Blue cheese tart with French puff pastry

Feuilletée au fromage, or Jalousie au fromage

Source: Mastering the Art of French Cooking, Volume One

Choosing to make this recipe came from a desire to try making puff pastry. Volume Two of Mastering the Art of French Cooking dedicates a large chapter to French bread, puff pastry and savoury recipes using these doughs (and dessert recipes in a later chapter). So I set out to make French puff pastry for a savoury blue cheese tart.

Classic French puff pastry, pâte feuilletée fine, has 729 layers of butter between 730 layers of dough, requires a minimum of 6-7 hours to make, and is used for only the most elegant French pastries. More casual French baking often uses a simpler puff pastry, pâte demi-feuilletée or pâte semi-feuilletée, which typically contains 72 layers of butter between 73 layers of dough (although it can be pushed to 648 layers of butter), and only takes 3-4 hours. But since much of that time is for resting the dough, puff pastry (and most pastry doughs) can be prepared days in advance and refrigerated, or months if frozen.

I was starting with the simpler puff pastry, pâte demi-feuilletée. I prepared the dough and made the first 2 folds the evening before. In morning, I did the final 2 folds. Then refrigerated the finished puff pastry until the evening when it was ready to make the tart.

Making puff pastry (pâte demi-feuilletée)
Making puff pastry (pâte demi-feuilletée)

If you’ve ever made pie dough (pâte brisée), then making puff pastry is a natural progression. You start with a dough similar to a pie dough… the magic happens when you start layer in the butter and start the folding.

The trick and learning curve is getting the butter to be pliable while still cold. The recipe clearly describes and illustrates how to do this… and while newbies (myself included) will be reasonably successful on the first try, better results will come with practice.

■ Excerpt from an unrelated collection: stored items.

(* Fix $\lambda_1,\lambda_2,\lambda_3\in\mathbb{Z}_{\ge0}$. Let $\mathbf{w}=[w_1,w_2,\dots]$ be an infinite reduced sequence and $\{k_j\}_{j\ge1}$ its ratio number sequence. Then: (1) if each of $1,2,3$ appears infinitely many times in $\mathbf{w}$, then $\lim_{j\to\infty}k_j=3+\lambda_1+\lambda_2+\lambda_3$; (2) if some index $i\in\{1,2,3\}$ appears only finitely many times in $\mathbf{w}$, then there exists a real number $k_\beta$ with $\lim_{j\to\infty}k_j=k_\beta$.
   Context: Generalized Markov mutations (for the equation $X_1^2+X_2^2+X_3^2+\lambda_3X_1X_2+\lambda_1X_2X_3+\lambda_2X_3X_1=(3+\lambda_1+\lambda_2+\lambda_3)X_1X_2X_3$) are the maps on positive rational triples $\mu_1(x_1,x_2,x_3)=(\frac{x_2^2+\lambda_1x_2x_3+x_3^2}{x_1},x_2,x_3)$, $\mu_2(x_1,x_2,x_3)=(x_1,\frac{x_1^2+\lambda_2x_1x_3+x_3^2}{x_2},x_3)$, $\mu_3(x_1,x_2,x_3)=(x_1,x_2,\frac{x_1^2+\lambda_3x_1x_2+x_2^2}{x_3})$. A sequence $\mathbf{w}=[w_1,w_2,\dots]$ with entries in $\{1,2,3\}$ is reduced if $w_i\ne w_{i+1}$ for all $i$. Ratio number sequence: set $T_0=(1,1,1)$ and $T_j=\mu_{w_j}(T_{j-1})$ for $j\ge1$; $k_j$ is the $w_j$-th component of $T_j$ divided by the product of the other two components of $T_j$. *)

theory Defs
  imports "HOL-Analysis.Analysis"
begin

type_synonym triple = "real \<times> real \<times> real"

fun gmut :: "nat \<Rightarrow> nat \<Rightarrow> nat \<Rightarrow> nat \<Rightarrow> triple \<Rightarrow> triple" where
  "gmut l1 l2 l3 i (x1, x2, x3) =
     (if i = 1 then ((x2^2 + real l1 * x2 * x3 + x3^2) / x1, x2, x3)
      else if i = 2 then (x1, (x1^2 + real l2 * x1 * x3 + x3^2) / x2, x3)
      else (x1, x2, (x1^2 + real l3 * x1 * x2 + x2^2) / x3))"

text \<open>Sequence w indexed from 1: w j is w_j for j >= 1 (w 0 is ignored).
  T 0 = (1,1,1), T j = mu_{w j} (T (j-1)).\<close>
fun Tseq :: "nat \<Rightarrow> nat \<Rightarrow> nat \<Rightarrow> (nat \<Rightarrow> nat) \<Rightarrow> nat \<Rightarrow> triple" where
  "Tseq l1 l2 l3 w 0 = (1, 1, 1)"
| "Tseq l1 l2 l3 w (Suc j) = gmut l1 l2 l3 (w (Suc j)) (Tseq l1 l2 l3 w j)"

With my puff pastry finished and rested in the fridge, assembling the tart was relatively quick and simple. The pastry bottom is lined with slices of blue cheese, folded over like a galette to form a rim, and a cream-egg sauce mixture is added. Top it with a latticed puff pastry layer, chill, then bake.

This blue cheese tart is crispy, crunchy and packed with flavour, between the blue cheese and the butter-packed pastry. It’s rich without being heavy. Easily serves 6 people (or 8 appetizer portions).

As a bonus whenever working with puff pastry, dough trimmings are saved to make delicious palmier cookies!